Although the BCP process represents a realistic path for short-term carbon exportation to the deep, it does not account for the persistence of this substantial reservoir of DOC that constitutes approximately 95% of the total organic carbon in the ocean. This represents the discrepancy in the carbon pump models used; that despite the high efficiency of heterotrophic microorganisms in consuming organic substrates, a large fraction of DOC still remains in the ocean for millennia. Because traditional models are based on the physical export of carbon moving from the surface to the depths, they are insufficient to explain the long-term stability and accumulation of this carbon pool present in the ocean.

===Early conceptual developments===
Before the introduction of the microbial carbon pump (MCP) theory for carbon sequestration, there were several other mechanisms used to describe organic matter cycling and transformation in the ocean. The microbial loop emphasized the role of bacteria and archaea in recycling dissolved organic matter (DOM) within the surface ocean, thereby retaining carbon and nutrients to the euphotic zone. Viral shunting described a process by which viral lysis of microbial cells converts particulate organic matter (POM) into dissolved forms (DOM), which prevents nutrient transfer to larger organisms and instead recycles carbon within the microbial communities. These processes improve understanding of short-term carbon cycling, but they do not fully resolve the mechanisms of the underlying long-term DOC persistence. Any organic carbon in the water column is hypothesized to eventually be taken up by surrounding organisms and vertically transported to the sediments through sinking particles.

To provide a clear understanding of the MCP mechanisms, DOM subcategories were made based on bioavailability and turnover times. Labile DOM (LDOM) is rapidly utilized (minutes to days) by surrounding microorganisms and is typically found in surface waters in the form of smaller simple molecules, while semi-labile DOM (SLDOM) persists for months to years before degradation, as it is made up of complex, nitrogen-rich substances. The turnover time is defined by how easily the carbon molecule is either taken up or broken down by surrounding organisms, which indicates why the speed of incorporation by an organism directly relates to the chemical complexity of the substance. The presence of recalcitrant DOM (RDOM) refers to highly complex carbon compounds that are distributed throughout the entire water column and are resistant to microbial utilization allowing long-term persistence with residence times ranging from centuries to millennia. The origin and maintenance of this recalcitrant pool remained an unresolved question in ocean carbon cycling that could not be concluded with the microbial loop and other biochemical carbon pumps, which only observed the direct movement of the carbon and not its chemical makeup.

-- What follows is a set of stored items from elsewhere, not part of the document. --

lemma disjoint_balls_points_iff_sec_code_with_free_points:
  fixes G :: "(nat \<times> nat) set" and c :: "'m \<Rightarrow> nat list"
  assumes "P \<inter> Q = {}"
  defines "B m \<equiv> if m \<in> P then one_err G (c m) else if m \<in> Q then {c m} else {}"
  shows "(\<forall>m m'. m \<noteq> m' \<longrightarrow> B m \<inter> B m' = {}) \<longleftrightarrow> sec_code_with_free_points G P Q c"
proof
  assume disj: "\<forall>m m'. m \<noteq> m' \<longrightarrow> B m \<inter> B m' = {}"
  have in_B: "c m \<in> B m" if "m \<in> P \<union> Q" for m
    using that by (auto simp: B_def one_err_refl)
  have eq: "m = m'" if "m \<in> P \<union> Q" "m' \<in> P \<union> Q" "x \<in> B m" "x \<in> B m'" for m m' x
    using disj that by blast
  have "inj_on c P" "inj_on c Q"
    using eq in_B by (metis UnI1 UnI2 inj_onI)+
  moreover have "code_sec G (c ` P)"
    unfolding code_sec_def
  proof (intro ballI impI)
    fix x x' assume "x \<in> c ` P" "x' \<in> c ` P" "x \<noteq> x'"
    then obtain p p' where "p \<in> P" "p' \<in> P" "x = c p" "x' = c p'" "p \<noteq> p'" by blast
    then show "one_err G x \<inter> one_err G x' = {}"
      using disj[rule_format, of p p'] by (simp add: B_def)
  qed
  moreover have "c m \<notin> one_err G (c p)" if "m \<in> Q" "p \<in> P" for m p
    using eq[of m p "c m"] in_B[of m] that assms(1) by (auto simp: B_def)
  ultimately show "sec_code_with_free_points G P Q c"
    by (simp add: sec_code_with_free_points_def)
next
  assume "sec_code_with_free_points G P Q c"
  then have "B m \<inter> B m' = {}" if "m \<noteq> m'" for m m'
    using that unfolding sec_code_with_free_points_def code_sec_def B_def
    by (auto simp: inj_on_def) (metis disjoint_iff)+
  then show "\<forall>m m'. m \<noteq> m' \<longrightarrow> B m \<inter> B m' = {}" by blast
qed

lemma fb_strategy_sec_iff_codes_with_free_points:
  assumes "error_graph q G"
  shows "fb_strategy_sec q G n1 n2 M f1 f2 \<longleftrightarrow>
    (\<forall>m<M. f1 m \<in> seqs q n1 \<and> (\<forall>y\<in>seqs q n1. f2 m y \<in> seqs q n2)) \<and>
    (\<forall>v\<in>seqs q n1. sec_code_with_free_points G
        {m\<in>{..<M}. f1 m = v} {m\<in>{..<M}. H_edge G (f1 m) v} (\<lambda>m. f2 m v))"
    (is "_ \<longleftrightarrow> ?typed \<and> (\<forall>v\<in>seqs q n1. sec_code_with_free_points G (?P v) (?Q v) _)")
proof (cases ?typed)
  case typed: True
  define B where "B v m = (if m \<in> ?P v then one_err G (f2 m v)
    else if m \<in> ?Q v then {f2 m v} else {})" for v m
  have slice: "fb_slice G f1 f2 m v = B v m" if "m < M" "v \<in> seqs q n1" for m v
    using that typed fb_slice_eq[of v f1 m] by (simp add: B_def seqs_def)
  have B_empty: "B v m = {}" if "\<not> m < M" for m v
    using that by (simp add: B_def)
  have "(\<forall>m<M. \<forall>m'<M. m \<noteq> m' \<longrightarrow> fb_cloud G f1 f2 m \<inter> fb_cloud G f1 f2 m' = {}) \<longleftrightarrow>
      (\<forall>m<M. \<forall>m'<M. m \<noteq> m' \<longrightarrow>
         (\<forall>v\<in>seqs q n1. fb_slice G f1 f2 m v \<inter> fb_slice G f1 f2 m' v = {}))"
    using fb_cloud_disjoint_iff_slices[OF assms, of f1 _ n1 f2] typed
    by auto
  also have "\<dots> \<longleftrightarrow> (\<forall>v\<in>seqs q n1. \<forall>m m'. m \<noteq> m' \<longrightarrow> B v m \<inter> B v m' = {})"
  proof -
    have "B v m \<inter> B v m' = {} \<longleftrightarrow>
        (m < M \<longrightarrow> m' < M \<longrightarrow> fb_slice G f1 f2 m v \<inter> fb_slice G f1 f2 m' v = {})"
      if "v \<in> seqs q n1" for v m m'
      using slice B_empty that by (cases "m < M"; cases "m' < M") auto
    then show ?thesis by meson
  qed
  also have "\<dots> \<longleftrightarrow> (\<forall>v\<in>seqs q n1. sec_code_with_free_points G (?P v) (?Q v) (\<lambda>m. f2 m v))"
  proof -
    have "?P v \<inter> ?Q v = {}" for v by (auto simp: H_edge_def)
    then have "(\<forall>m m'. m \<noteq> m' \<longrightarrow> B v m \<inter> B v m' = {}) \<longleftrightarrow>
        sec_code_with_free_points G (?P v) (?Q v) (\<lambda>m. f2 m v)" for v
      using disjoint_balls_points_iff_sec_code_with_free_points[of "?P v" "?Q v" G "\<lambda>m. f2 m v"]
      unfolding B_def by blast
    then show ?thesis by blast
  qed
  finally show ?thesis
    using typed by (simp only: fb_strategy_sec_def)
next
  case False
  then show ?thesis unfolding fb_strategy_sec_def by blast
qed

The concept of the MCP (microbial carbon pump) was introduced to address this gap. It was proposed that microorganisms in the ocean actively transform labile organic carbon into recalcitrant forms (RDOM) that are able to remain in the water persistently over long timescales. This completely changes the way that ocean carbon sequestration is viewed. The biological carbon pump focuses solely on the physical movement of sinking particulate matter, while the MCP evaluates the organic carbon's biochemical makeup that allows it to be retained in the ocean without vertical export. Looking at it this way, the MCP is not referring to a single pathway for carbon storage, but to a whole network of biological processes that spans the whole water column on numerous different scales. These systems work together in tandem to move atmospheric carbon into the ocean sediments below. At the molecular level, microorganisms transform simple compounds such as amino acids and sugars into complex and structurally diverse molecules that resist further degradation. At the cellular level, membrane transport systems, including ATP binding cassette (ABC) transporters, regulate the uptake and release of the organic substrates that will influence the DOC composition in surrounding waters. Looking at the community/ecosystem levels, interactions among the microbial populations govern the production, transformation and persistence of organic matter, ultimately determining its fate in the ocean.

The conclusion of these proposed mechanisms were reached from evaluations of marine bacteria that were capable of producing RDOM directly from labile substrates. In subsequent studies, the microbial metabolites were noted to directly relate to the complex carbon molecules associated with long-term carbon cycling in the ocean, reinforcing the role of microbial processes in shaping the composition and continuance of DOC. It is together that these developments established the microbial carbon pump as a biochemical explanation for the accumulation of recalcitrant carbon in the ocean.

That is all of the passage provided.